Wow is an MMORPG game, you have to play with others and maybe socialize eventually.
Now I do agree we need actual tutorials, scenarios and teaching players how to play.
One thing I noticed in WoD was, there was a quest where you and a couple of soldiers attack a mob, this mob then begins to cast a dangerous AoE, and a bubble appears to protect you, then all the soldiers move inside this bubble and then move out when the cast is done.
I think like you said it is possible to create scenario teaching dungeons that help players be familiar with the game.
If you play a solo game and wipe, you’ll probably want to retry/take a rest/quit/come back later/(your choice), but if you play with a team, you might want to retry but they might have other choices, now if the mess up was because of your own lack of experience you might get blamed and as a new comer that feels bad.

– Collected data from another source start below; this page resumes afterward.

lemma weight_le_tail_variation:
  assumes "j \<le> n"
  shows "A j \<le> (\<Sum>l=j..n. weighted_difference \<beta> A l)"
proof -
  define b where "b l = A l / (real l + 1) powr \<beta>" for l
  have b_j: "b j = (\<Sum>l=j..n. b l - b (Suc l))"
    using sum_Suc_diff[of j n b] assms vanish[of "Suc n"] by (simp add: b_def sum_subtractf)
  have "A j = (real j + 1) powr \<beta> * b j"
    by (simp add: b_def)
  also have "\<dots> = (real j + 1) powr \<beta> * (\<Sum>l=j..n. b l - b (Suc l))"
    using b_j by simp
  also have "\<dots> \<le> (real j + 1) powr \<beta> * (\<Sum>l=j..n. \<bar>b l - b (Suc l)\<bar>)"
    by (intro mult_left_mono sum_mono) auto
  also have "\<dots> \<le> (\<Sum>l=j..n. weighted_difference \<beta> A l)"
    unfolding sum_distrib_left weighted_difference_def b_def
    by (intro sum_mono mult_right_mono powr_mono2 beta_nonneg) auto
  finally show ?thesis .
qed

lemma weight_quasi_mono:
  assumes "i \<le> j" "j \<le> n"
  shows "A j \<le> C * A i"
proof -
  have "A j \<le> (\<Sum>l=j..n. weighted_difference \<beta> A l)"
    using assms by (intro weight_le_tail_variation) auto
  also have "\<dots> \<le> (\<Sum>l=i..n. weighted_difference \<beta> A l)"
    using assms by (intro sum_mono2) (auto simp: weighted_difference_nonneg)
  also have "\<dots> \<le> C * A i"
    using assms by (intro tail_variation_le) auto
  finally show ?thesis .
qed

lemma weight_nonzero_le: "A k \<noteq> 0 \<Longrightarrow> k \<le> n"
  using vanish by (meson not_le)

lemma sum_weights_le_1:
  assumes "finite S"
  shows "sum A S \<le> 1"
proof -
  have "sum A S = sum A (S \<inter> {..n})"
    using assms by (intro sum.mono_neutral_right) (auto intro: weight_nonzero_le)
  also have "\<dots> \<le> sum A {..n}"
    by (intro sum_mono2) (auto simp: nonneg)
  finally show ?thesis by (simp add: sum_eq_1)
qed

lemma weight_decay: "real (m + 1) * A m \<le> C"
proof (cases "m \<le> n")
  case True
  have "real (m + 1) * A m = (\<Sum>i\<le>m. A m)" by simp
  also have "\<dots> \<le> (\<Sum>i\<le>m. C * A i)"
    using True by (intro sum_mono weight_quasi_mono) auto
  also have "\<dots> \<le> C"
    using sum_weights_le_1[of "{..m}"] C_pos by (simp add: sum_distrib_left[symmetric])
  finally show ?thesis .
qed (use C_pos vanish in auto)

lemma first_weight_pos: "0 < A 0"
proof (rule ccontr)
  assume "\<not> 0 < A 0"
  then have "A j = 0" if "j \<le> n" for j
    using weight_quasi_mono[of 0 j] nonneg[of 0] nonneg[of j] that by simp
  then show False using sum_eq_1 by simp
qed

lemma first_weight_le_1: "A 0 \<le> 1"
  using sum_weights_le_1[of "{0}"] by simp

lemma sum_weights_split: "(\<Sum>k\<le>n. A k * g k) = (\<Sum>k<m. A k * g k) + (\<Sum>k=m..n. A k * g k)"
proof (cases "m \<le> n")
  case True
  then have "{..n} = {..<m} \<union> {m..n}" by auto
  then show ?thesis by (subst sum.union_disjoint[symmetric]) auto
next
  case False
  then have "(\<Sum>k<m. A k * g k) = (\<Sum>k\<le>n. A k * g k)"
    by (intro sum.mono_neutral_right) (auto simp: vanish)
  with False show ?thesis by simp
qed

lemma abs_dirichlet_head_le: "\<bar>\<Sum>k<m. A k * dirichlet_kernel k t\<bar> \<le> real m"
proof -
  have "\<bar>\<Sum>k<m. A k * dirichlet_kernel k t\<bar> \<le> (\<Sum>k<m. A k * real m)"
  proof (rule order_trans[OF sum_abs sum_mono])
    fix k assume "k \<in> {..<m}"
    then have "real k + 1 \<le> real m" by simp
    then have "\<bar>dirichlet_kernel k t\<bar> \<le> real m"
      using abs_dirichlet_kernel_le[of k t] by linarith
    then show "\<bar>A k * dirichlet_kernel k t\<bar> \<le> A k * real m"
      by (simp add: abs_mult nonneg mult_left_mono)
  qed
  also have "\<dots> = (\<Sum>k<m. A k) * real m"
    by (simp add: sum_distrib_right)
  also have "\<dots> \<le> 1 * real m"
    by (intro mult_right_mono sum_weights_le_1) auto
  finally show ?thesis by simp
qed

lemma abs_dirichlet_tail_le:
  assumes t: "0 < t" "t \<le> pi"
  shows "\<bar>\<Sum>k=m..n. A k * dirichlet_kernel k t\<bar> \<le> 36 * 2 powr \<beta> * C * A m / t^2"
proof (cases "m \<le> n")
  case True
  define s where "s = sin (t/2)"
  have s: "0 < s" unfolding s_def using t by (intro sin_gt_zero) auto
  have "t/6 \<le> s" unfolding s_def using t by (intro sin_half_ge_sixth) auto
  then have s_sq: "t^2/36 \<le> s^2"
    using t power_mono[of "t/6" s 2] by (simp add: power_divide)
  have term_eq: "2 * s * (A k * dirichlet_kernel k t) = A k * sin ((real k + 1/2) * t)" for k
  proof -
    have "2 * s * (A k * dirichlet_kernel k t) = A k * (2 * s * dirichlet_kernel k t)"
      by (simp add: mult_ac)
    then show ?thesis by (simp add: s_def sin_half_mult_dirichlet_kernel)
  qed
  then have sum_eq: "2 * s * (\<Sum>k=m..n. A k * dirichlet_kernel k t) = (\<Sum>k=m..n. A k * sin ((real k + 1/2) * t))"
    by (simp only: sum_distrib_left term_eq)
  have "2 * s * \<bar>\<Sum>k=m..n. A k * dirichlet_kernel k t\<bar>
      = \<bar>2 * s * (\<Sum>k=m..n. A k * dirichlet_kernel k t)\<bar>"
    using s by (simp add: abs_mult)
  also have "\<dots> = \<bar>\<Sum>k=m..n. A k * sin ((real k + 1/2) * t)\<bar>"
    by (simp only: sum_eq)
  also have "\<dots> \<le> 2 * 2 powr \<beta> / s * (\<Sum>l=m..n. weighted_difference \<beta> A l)"
    unfolding s_def by (rule abs_weighted_sin_sum_le[of t \<beta> m n A, OF t beta_nonneg True vanish[OF lessI]])
  also have "\<dots> \<le> 2 * 2 powr \<beta> / s * (C * A m)"
    using s by (intro mult_left_mono tail_variation_le[OF True]) auto
  finally have "\<bar>\<Sum>k=m..n. A k * dirichlet_kernel k t\<bar> \<le> 2 powr \<beta> * C * A m / s^2"
    using s by (simp add: field_simps power2_eq_square)
  also have "\<dots> \<le> 2 powr \<beta> * C * A m / (t^2/36)"
    using s s_sq t C_pos nonneg[of m] by (intro divide_left_mono) auto
  finally show ?thesis by (simp add: mult_ac)
qed (use C_pos nonneg in simp)

lemma abs_norlund_kernel_le_inverse_square:
  assumes t: "0 < t" "t \<le> pi"
  shows "\<bar>norlund_kernel A n t\<bar> \<le> kernel_bound * A 0 / t^2"
proof -
  have "\<bar>norlund_kernel A n t\<bar> \<le> 36 * 2 powr \<beta> * C * A 0 / t^2"
    using abs_dirichlet_tail_le[OF t, of 0] by (simp add: norlund_kernel_def atLeast0AtMost)
  also have "\<dots> \<le> kernel_bound * A 0 / t^2"
    using C_pos nonneg[of 0] by (intro divide_right_mono mult_right_mono) (auto simp: algebra_simps)
  finally show ?thesis .
qed

lemma abs_norlund_kernel_le_inverse:
  assumes t: "0 < t" "t \<le> pi"
  shows "\<bar>norlund_kernel A n t\<bar> \<le> kernel_bound / t"
proof -
  \<comment> \<open>The head k < m is at most m <= 5/t; in the tail, A m <= C/(m+1) <= C t.\<close>
  define m where "m = nat \<lceil>1/t\<rceil>"
  have "0 < 1/t" using t by simp
  then have m: "1/t \<le> real m" "real m < 1/t + 1"
    unfolding m_def by linarith+
  then have m_le: "real m \<le> 5/t"
    using t pi_less_4 by (simp add: field_simps)
  have "A m / t \<le> real (m + 1) * A m"
    using m nonneg[of m] mult_right_mono[of "1/t" "real m + 1" "A m"] by (simp add: algebra_simps)
  then have "A m \<le> t * (real (m + 1) * A m)"
    using t by (simp add: field_simps)
  also have "\<dots> \<le> t * C"
    using weight_decay[of m] t by (intro mult_left_mono) auto
  finally have A_m: "A m \<le> C * t"
    by (simp add: mult.commute)
  have "\<bar>norlund_kernel A n t\<bar>
      \<le> \<bar>\<Sum>k<m. A k * dirichlet_kernel k t\<bar> + \<bar>\<Sum>k=m..n. A k * dirichlet_kernel k t\<bar>"
    unfolding norlund_kernel_def sum_weights_split[of _ m] by (rule abs_triangle_ineq)
  also have "\<dots> \<le> real m + 36 * 2 powr \<beta> * C * A m / t^2"
    by (intro add_mono abs_dirichlet_head_le abs_dirichlet_tail_le t)
  also have "\<dots> \<le> 5/t + 36 * 2 powr \<beta> * C * (C * t) / t^2"
    using m_le A_m C_pos by (intro add_mono divide_right_mono mult_left_mono) auto
  also have "\<dots> \<le> kernel_bound / t"
    using t C_pos by (simp add: field_simps power2_eq_square)
  finally show ?thesis .
qed

end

Also having scenarios can determine the level of content the player wants, if I feel like something is too hard for me then I would just avoid doing content that is that hard, if I feel like I can’t get past a type of content I can just go practice it in the training scenario.
One thing many players don’t know about is the proving grounds, proving grounds in my opinion is an awesome way for player to learn, however as expansions dragged on the tuning got out of hand and you can almost afk to round 600 now, but the idea is still the same it provides you with a semi real environment and a dps quota to meet while handling mechanics for beginners that is.
uhm… well i am not inexperienced, but I recently leveled 2 chars to 120 and equiped them within 2 days to almost 370.
I did almost all m0 dungeons on both chars and started doing so around lvl 340-350, so pretty low.
I got almost instant inv as dd to any m0 group i applied. Mind you that my RIO score is not shown on an alt that hasn’t done any m+
I was surprised why I even was invited, because I always thought people want 380+ (even though its stupid).
I found 2 things:
I am invited because really no one wants to do m0. I opened a group with my ilvl 405 tank for a rng m0 dungeon and waited 10mins. Only people with garbage ilvl applied, so you gotta take whats there or wait forever
people with high ilvl without RIO are really bad. Not only at dungeon mechanics (thats ok, because you are there for learning?) but they are also terrible at their 3 button class. I mean seriously, I outdamage ilvl 400 people with my 340 mage? That should never happen.
Anyways TL:DR:
Even with low ilvl you can join m0 and no one actually cares about RIO for that. People would prefer to do so, but actually you won’t find people and RIO is not shown for alts that didn’t reach 200 RIO by themselves
Apologies but I also strongly disagree with this topic. Ibelieve it is already very accesible, and currently even easy, to run Mythic 0 up to +3 and stuff.
I dont believe new players should be walked hand in hand in this type of competitive content.
It is very easy as is, and is very easy as of 8.1.5 to gear up from Emissaries etc to practically outgear this level of dungeon.
If you as the player are not willing to step up your game and find how to maximize ur dps/heal etc by searching info or learn the dungeons and affixes through research and practise, I see no reason for Blizz to walk you through it.
Blizz has come a looooong way (and I play since Vanilla trust me) in making mechanics visible and having audioand sound warnings, so u just need awareness really.